Work to complete → Only lines containing the word "minor" are needed; pull them out of the material.

= Beginning of Section =

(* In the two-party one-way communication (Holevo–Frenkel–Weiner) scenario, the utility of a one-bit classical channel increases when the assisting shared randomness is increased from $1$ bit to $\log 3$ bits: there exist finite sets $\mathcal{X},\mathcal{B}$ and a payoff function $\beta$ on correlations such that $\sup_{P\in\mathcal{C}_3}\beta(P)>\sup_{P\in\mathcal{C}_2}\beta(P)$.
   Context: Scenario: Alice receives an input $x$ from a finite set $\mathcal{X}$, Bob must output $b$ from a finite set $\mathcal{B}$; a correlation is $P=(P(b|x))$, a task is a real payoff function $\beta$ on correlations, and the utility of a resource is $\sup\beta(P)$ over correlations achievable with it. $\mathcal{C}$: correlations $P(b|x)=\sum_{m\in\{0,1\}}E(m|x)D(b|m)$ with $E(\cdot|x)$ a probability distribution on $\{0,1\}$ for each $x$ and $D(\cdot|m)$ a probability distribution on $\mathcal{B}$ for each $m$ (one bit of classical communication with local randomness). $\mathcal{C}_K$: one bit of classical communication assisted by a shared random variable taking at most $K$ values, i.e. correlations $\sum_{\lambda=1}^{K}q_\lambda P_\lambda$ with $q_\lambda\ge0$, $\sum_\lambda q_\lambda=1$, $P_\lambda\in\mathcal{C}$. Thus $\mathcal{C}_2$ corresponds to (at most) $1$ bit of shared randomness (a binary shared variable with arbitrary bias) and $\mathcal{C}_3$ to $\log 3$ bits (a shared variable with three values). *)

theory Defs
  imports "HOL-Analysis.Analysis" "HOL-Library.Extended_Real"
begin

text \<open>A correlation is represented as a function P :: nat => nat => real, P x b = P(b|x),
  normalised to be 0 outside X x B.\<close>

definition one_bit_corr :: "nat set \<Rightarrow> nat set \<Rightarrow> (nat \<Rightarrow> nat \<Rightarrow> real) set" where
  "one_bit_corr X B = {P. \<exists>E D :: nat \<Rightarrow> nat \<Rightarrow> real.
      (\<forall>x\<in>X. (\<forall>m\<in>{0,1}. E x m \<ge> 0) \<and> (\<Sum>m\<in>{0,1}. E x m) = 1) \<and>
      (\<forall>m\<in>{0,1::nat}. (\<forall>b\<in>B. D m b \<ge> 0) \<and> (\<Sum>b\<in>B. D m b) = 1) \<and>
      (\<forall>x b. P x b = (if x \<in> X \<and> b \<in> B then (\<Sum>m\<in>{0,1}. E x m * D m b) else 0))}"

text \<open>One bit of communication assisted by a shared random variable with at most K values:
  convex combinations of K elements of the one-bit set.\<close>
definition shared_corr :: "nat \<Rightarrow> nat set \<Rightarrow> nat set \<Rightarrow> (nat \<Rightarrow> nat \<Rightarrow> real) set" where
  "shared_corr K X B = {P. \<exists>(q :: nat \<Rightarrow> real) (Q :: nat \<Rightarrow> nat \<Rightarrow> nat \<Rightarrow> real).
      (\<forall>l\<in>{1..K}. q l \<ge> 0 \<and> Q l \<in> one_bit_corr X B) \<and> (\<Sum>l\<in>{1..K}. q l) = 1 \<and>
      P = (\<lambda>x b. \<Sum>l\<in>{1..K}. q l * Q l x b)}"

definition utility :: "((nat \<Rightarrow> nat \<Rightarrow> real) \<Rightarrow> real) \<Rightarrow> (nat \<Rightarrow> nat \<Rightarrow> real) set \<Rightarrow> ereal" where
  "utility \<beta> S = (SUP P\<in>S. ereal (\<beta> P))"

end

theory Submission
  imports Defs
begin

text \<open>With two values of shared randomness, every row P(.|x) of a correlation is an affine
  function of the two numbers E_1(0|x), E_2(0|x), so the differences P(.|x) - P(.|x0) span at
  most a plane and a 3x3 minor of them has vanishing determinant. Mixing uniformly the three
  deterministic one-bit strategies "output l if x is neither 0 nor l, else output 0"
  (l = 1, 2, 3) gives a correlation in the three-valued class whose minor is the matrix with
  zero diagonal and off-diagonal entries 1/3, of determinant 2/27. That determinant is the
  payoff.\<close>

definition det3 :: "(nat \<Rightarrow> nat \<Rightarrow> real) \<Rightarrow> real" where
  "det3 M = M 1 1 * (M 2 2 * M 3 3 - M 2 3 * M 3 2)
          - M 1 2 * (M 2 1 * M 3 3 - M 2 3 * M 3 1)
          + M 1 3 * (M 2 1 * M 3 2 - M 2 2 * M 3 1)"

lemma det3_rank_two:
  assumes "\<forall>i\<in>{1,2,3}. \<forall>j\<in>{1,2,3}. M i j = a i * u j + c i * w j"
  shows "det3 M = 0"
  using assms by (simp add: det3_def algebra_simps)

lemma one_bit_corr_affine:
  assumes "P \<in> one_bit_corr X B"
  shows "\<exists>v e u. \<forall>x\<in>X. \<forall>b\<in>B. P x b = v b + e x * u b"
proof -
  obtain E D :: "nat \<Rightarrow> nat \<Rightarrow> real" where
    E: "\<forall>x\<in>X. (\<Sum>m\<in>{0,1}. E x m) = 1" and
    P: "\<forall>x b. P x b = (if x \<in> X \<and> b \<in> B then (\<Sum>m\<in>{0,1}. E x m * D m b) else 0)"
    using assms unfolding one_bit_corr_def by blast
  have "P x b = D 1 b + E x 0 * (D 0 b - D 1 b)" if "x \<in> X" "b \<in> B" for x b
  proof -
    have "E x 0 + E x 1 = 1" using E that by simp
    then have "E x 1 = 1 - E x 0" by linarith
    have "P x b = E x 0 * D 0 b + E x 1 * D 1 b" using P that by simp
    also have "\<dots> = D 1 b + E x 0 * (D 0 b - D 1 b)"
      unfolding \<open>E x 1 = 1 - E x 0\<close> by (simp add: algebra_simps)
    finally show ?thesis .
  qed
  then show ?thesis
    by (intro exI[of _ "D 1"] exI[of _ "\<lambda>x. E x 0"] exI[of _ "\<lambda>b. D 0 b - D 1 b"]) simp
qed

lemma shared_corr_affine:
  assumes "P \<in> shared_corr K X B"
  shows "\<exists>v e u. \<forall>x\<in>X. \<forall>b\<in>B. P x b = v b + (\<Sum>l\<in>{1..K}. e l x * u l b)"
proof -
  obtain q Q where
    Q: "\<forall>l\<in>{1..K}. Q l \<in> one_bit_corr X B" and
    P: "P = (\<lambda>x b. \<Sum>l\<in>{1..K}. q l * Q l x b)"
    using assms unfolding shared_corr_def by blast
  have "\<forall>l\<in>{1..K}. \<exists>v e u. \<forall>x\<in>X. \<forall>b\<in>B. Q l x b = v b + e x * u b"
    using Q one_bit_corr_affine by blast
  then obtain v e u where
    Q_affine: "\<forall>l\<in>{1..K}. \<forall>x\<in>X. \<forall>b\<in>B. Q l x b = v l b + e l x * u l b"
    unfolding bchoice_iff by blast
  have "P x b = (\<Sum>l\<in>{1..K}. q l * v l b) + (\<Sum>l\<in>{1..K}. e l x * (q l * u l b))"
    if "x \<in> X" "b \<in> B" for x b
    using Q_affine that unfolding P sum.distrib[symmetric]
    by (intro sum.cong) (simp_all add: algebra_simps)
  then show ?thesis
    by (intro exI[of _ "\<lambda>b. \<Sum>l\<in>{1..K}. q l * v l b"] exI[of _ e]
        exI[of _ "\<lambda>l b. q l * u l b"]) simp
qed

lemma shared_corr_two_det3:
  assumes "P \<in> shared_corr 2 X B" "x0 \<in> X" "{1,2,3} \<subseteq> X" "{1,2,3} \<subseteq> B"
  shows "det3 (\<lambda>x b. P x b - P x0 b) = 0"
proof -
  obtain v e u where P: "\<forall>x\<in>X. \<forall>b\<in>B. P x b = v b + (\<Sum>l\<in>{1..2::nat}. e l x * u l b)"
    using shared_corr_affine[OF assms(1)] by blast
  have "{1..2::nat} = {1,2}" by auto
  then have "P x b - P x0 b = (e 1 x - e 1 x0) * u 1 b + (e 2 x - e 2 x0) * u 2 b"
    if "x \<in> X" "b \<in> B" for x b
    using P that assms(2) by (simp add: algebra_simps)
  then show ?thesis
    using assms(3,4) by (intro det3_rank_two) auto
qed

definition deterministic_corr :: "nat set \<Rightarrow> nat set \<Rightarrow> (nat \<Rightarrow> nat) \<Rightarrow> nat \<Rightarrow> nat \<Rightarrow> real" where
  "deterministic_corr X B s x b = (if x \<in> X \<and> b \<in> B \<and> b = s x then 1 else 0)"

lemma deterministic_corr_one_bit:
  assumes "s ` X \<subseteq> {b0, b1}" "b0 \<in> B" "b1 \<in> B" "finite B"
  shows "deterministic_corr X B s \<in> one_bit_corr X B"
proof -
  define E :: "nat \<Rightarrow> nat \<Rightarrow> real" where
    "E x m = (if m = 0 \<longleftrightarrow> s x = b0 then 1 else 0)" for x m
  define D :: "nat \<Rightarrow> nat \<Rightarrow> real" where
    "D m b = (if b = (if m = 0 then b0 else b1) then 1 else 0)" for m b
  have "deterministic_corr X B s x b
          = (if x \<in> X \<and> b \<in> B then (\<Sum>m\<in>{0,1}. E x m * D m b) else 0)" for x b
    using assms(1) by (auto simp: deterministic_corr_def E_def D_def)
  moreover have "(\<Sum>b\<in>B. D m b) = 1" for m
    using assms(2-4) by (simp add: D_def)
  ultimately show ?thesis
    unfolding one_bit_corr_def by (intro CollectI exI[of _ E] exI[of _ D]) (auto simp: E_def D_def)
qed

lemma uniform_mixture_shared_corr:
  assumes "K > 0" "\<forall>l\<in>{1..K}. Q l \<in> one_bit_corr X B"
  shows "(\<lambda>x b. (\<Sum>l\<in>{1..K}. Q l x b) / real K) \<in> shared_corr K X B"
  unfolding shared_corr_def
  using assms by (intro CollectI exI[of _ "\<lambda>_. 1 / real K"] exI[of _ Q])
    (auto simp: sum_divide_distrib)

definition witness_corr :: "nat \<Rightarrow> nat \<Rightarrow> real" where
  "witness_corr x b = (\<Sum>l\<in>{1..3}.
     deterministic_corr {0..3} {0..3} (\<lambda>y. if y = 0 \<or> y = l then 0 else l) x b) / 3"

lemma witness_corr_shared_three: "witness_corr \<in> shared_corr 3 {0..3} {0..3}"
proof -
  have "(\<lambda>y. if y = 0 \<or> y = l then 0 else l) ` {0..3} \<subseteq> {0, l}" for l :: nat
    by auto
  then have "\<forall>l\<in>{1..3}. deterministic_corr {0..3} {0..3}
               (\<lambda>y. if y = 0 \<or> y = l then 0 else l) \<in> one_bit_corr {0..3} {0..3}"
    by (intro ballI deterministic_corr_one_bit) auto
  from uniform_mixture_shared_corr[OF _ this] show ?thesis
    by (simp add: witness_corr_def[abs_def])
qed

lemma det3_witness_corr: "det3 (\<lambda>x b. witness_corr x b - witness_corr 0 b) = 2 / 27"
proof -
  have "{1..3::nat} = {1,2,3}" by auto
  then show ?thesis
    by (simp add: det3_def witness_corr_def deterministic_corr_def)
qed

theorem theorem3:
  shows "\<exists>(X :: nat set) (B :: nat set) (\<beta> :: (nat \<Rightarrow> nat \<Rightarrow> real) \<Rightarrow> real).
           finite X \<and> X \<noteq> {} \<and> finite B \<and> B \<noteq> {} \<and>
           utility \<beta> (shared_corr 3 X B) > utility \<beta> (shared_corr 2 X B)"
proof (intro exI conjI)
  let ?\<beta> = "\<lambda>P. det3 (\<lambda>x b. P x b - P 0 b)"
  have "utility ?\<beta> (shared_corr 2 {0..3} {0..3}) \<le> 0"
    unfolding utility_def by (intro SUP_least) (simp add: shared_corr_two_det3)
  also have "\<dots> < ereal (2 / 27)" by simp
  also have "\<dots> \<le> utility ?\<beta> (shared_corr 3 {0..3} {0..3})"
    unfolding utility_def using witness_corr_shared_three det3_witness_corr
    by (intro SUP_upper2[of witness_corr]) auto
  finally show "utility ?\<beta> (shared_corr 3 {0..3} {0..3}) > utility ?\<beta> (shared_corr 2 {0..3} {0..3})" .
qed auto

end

= End of Section =

Exercise result →
  most a plane and a 3x3 minor of them has vanishing determinant. Mixing uniformly the three
  (l = 1, 2, 3) gives a correlation in the three-valued class whose minor is the matrix with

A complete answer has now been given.